In this work, a boundary tracking control scheme is investigated for the stabilization of a floating platform connected to a traditional mooring system. The system is composed of a floating platform and several mooring lines which are designed for station keeping of the former on the sea surface. Since the floating platform is subject to excitation forces from waves and currents, a coupled boundary-tracking controller is proposed for the tip payload of mooring lines in two-dimensional direction to reduce the effect of boundary vertical and horizontal displacement. Firstly, a boundary controller is proposed to the boundary oscillation in horizontal direction. Secondly, in order to efficiently suppress the heave motions of the platform, an auxiliary exo-system is introduced to generate the desired time-varying reference trajectory in the vertical direction.

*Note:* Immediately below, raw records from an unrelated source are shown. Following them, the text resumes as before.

(* Let $S^{(i)}_{n,k}$ be as defined (weights $a_j=1$, $n\ge2$, $1\le i\le n$). Convergence is in distribution. (1) For fixed $n\ge2$ and $k\to\infty$: $S^{(i)}_{n,k}/k\to\mathrm{Beta}(1,n-1)$. (2) For $n,k\to\infty$ with $k/n\to\infty$: $\frac nk S^{(i)}_{n,k}\to\mathrm{Exp}(1)$. (3) For $n,k\to\infty$ with $k/n\to c>0$: $S^{(i)}_{n,k}\to G$, where $\mathbb P\{G=0\}=\frac1{1+c}+\frac{c}{(1+c)^2}$ and $\mathbb P\{G=j\}=\frac{c^{j+1}}{(1+c)^{j+2}}$ for $j\ge1$. (4) For $n\to\infty$ with $k/n\to0$: $S^{(i)}_{n,k}\to0$.
   Context: For $\vec\ell=(\ell_1,\dots,\ell_k)$ with $n\ge\ell_1\ge\cdots\ge\ell_k\ge1$ and $1\le i\le n$ let $\sigma^{(i)}(\vec\ell)=|\{1\le j\le k-1:\ell_j=\ell_{j+1}=i\}|$. $S^{(i)}_{n,k}=\sigma^{(i)}(\vec\ell)$ for $\vec\ell$ uniformly random among the $\binom{n+k-1}{k}$ such sequences. $\mathrm{Beta}(1,n-1)$ has density $(n-1)(1-x)^{n-2}$ on $[0,1]$; $\mathrm{Exp}(1)$ has density $e^{-x}$ on $[0,\infty)$. *)

theory Defs
  imports "HOL-Probability.Probability"
begin

definition seqs :: "nat \<Rightarrow> nat \<Rightarrow> nat list set" where
  "seqs n k = {l. length l = k \<and> sorted_wrt (\<ge>) l \<and> set l \<subseteq> {1..n}}"

text \<open>sigma^(i)(l): number of j with 1 <= j <= k-1 and l_j = l_(j+1) = i (0-indexed here).\<close>
definition sigma :: "nat \<Rightarrow> nat list \<Rightarrow> nat" where
  "sigma i l = card {j. Suc j < length l \<and> l ! j = i \<and> l ! Suc j = i}"

definition S_pmf :: "nat \<Rightarrow> nat \<Rightarrow> nat \<Rightarrow> nat pmf" where
  "S_pmf n k i = map_pmf (sigma i) (pmf_of_set (seqs n k))"

definition S_law :: "(nat \<Rightarrow> real) \<Rightarrow> nat \<Rightarrow> nat \<Rightarrow> nat \<Rightarrow> real measure" where
  "S_law g n k i = measure_pmf (map_pmf g (S_pmf n k i))"

definition beta1_law :: "nat \<Rightarrow> real measure" where
  "beta1_law n = density lborel
     (\<lambda>x. ennreal (indicator {0..1} x * (real n - 1) * (1 - x) ^ (n - 2)))"

definition exp1_law :: "real measure" where
  "exp1_law = density lborel (\<lambda>x. ennreal (exponential_density 1 x))"

definition G_mass :: "real \<Rightarrow> nat \<Rightarrow> real" where
  "G_mass c j = (if j = 0 then 1 / (1 + c) + c / (1 + c)^2
                 else c ^ (j + 1) / (1 + c) ^ (j + 2))"

definition G_law :: "real \<Rightarrow> real measure" where
  "G_law c = distr (density (count_space UNIV) (\<lambda>j. ennreal (G_mass c j))) borel real"

end

theory Submission
  imports Defs
begin

text \<open>A non-increasing sequence is the same thing as a \<open>k\<close>-multiset over \<open>{1..n}\<close>, and
  since the occurrences of \<open>i\<close> form one block, \<open>sigma i\<close> is one less than the multiplicity
  of \<open>i\<close>. Removing \<open>r\<close> copies of \<open>i\<close> is a bijection onto the multisets of size \<open>k - r\<close>, so
  the multiplicity is at least \<open>r\<close> with probability
  \<open>C(n+k-r-1, k-r) / C(n+k-1, k) = \<Prod>j<r. (k-j)/(n-1+k-j)\<close>, whatever \<open>i\<close> is. Hence the
  distribution function of \<open>a * S\<close> at \<open>x \<ge> 0\<close> is one minus this product at
  \<open>r = \<lfloor>x/a\<rfloor> + 2\<close>, and each part of the theorem is an elementary limit of it, which even
  holds at every point: for fixed \<open>n\<close> the same ratio equals \<open>\<Prod>t<n-1. 1 - r/(k+1+t)\<close>,
  which tends to \<open>(1-x)^(n-1)\<close>; for \<open>k/n \<rightarrow> c\<close> each of the \<open>r\<close> factors tends to
  \<open>c/(1+c)\<close>; and for \<open>k/n \<rightarrow> \<infinity>\<close> the product is squeezed between
  \<open>exp (-r(n-1)/(k-r+1))\<close> and \<open>exp (-r(n-1)/(n-1+k))\<close>, both of which tend to \<open>exp (-x)\<close>.\<close>

lemma inj_on_mset_seqs: "inj_on mset (seqs n k)"
proof (rule inj_onI)
  fix x y assume "x \<in> seqs n k" "y \<in> seqs n k" "mset x = mset y"
  then have "sorted (rev x)" "sorted (rev y)" "mset (rev x) = mset (rev y)"
    by (auto simp: seqs_def sorted_wrt_rev)
  then show "x = y"
    by (metis properties_for_sort rev_rev_ident)
qed

lemma mset_seqs: "mset ` seqs n k = multisets_of_size {1..n} k"
proof
  show "mset ` seqs n k \<subseteq> multisets_of_size {1..n} k"
    by (auto simp: seqs_def multisets_of_size_def)
  show "multisets_of_size {1..n} k \<subseteq> mset ` seqs n k"
  proof
    fix M assume M: "M \<in> multisets_of_size {1..n} k"
    have "rev (sorted_list_of_multiset M) \<in> seqs n k"
      using M by (auto simp: seqs_def multisets_of_size_def sorted_wrt_rev
          simp flip: size_mset)
    then show "M \<in> mset ` seqs n k"
      by (metis mset_rev mset_sorted_list_of_multiset rev_image_eqI)
  qed
qed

Furthermore, a tracking error system is derived by integrating the reference trajectory. According to this error system, the boundary motion of mooring lines in vertical direction can track the reference trajectory which is to achieve the target of vibration suppression. In addition, the stability of the system is guaranteed by Lyapunov's method. Finally, numerical simulation results show that efficacy of the proposed control scheme, that is, the boundary displacement of z-axis can accurately track a bounded periodic time-varying reference trajectory and the horizontal boundary vibration can be suppressed within a small range.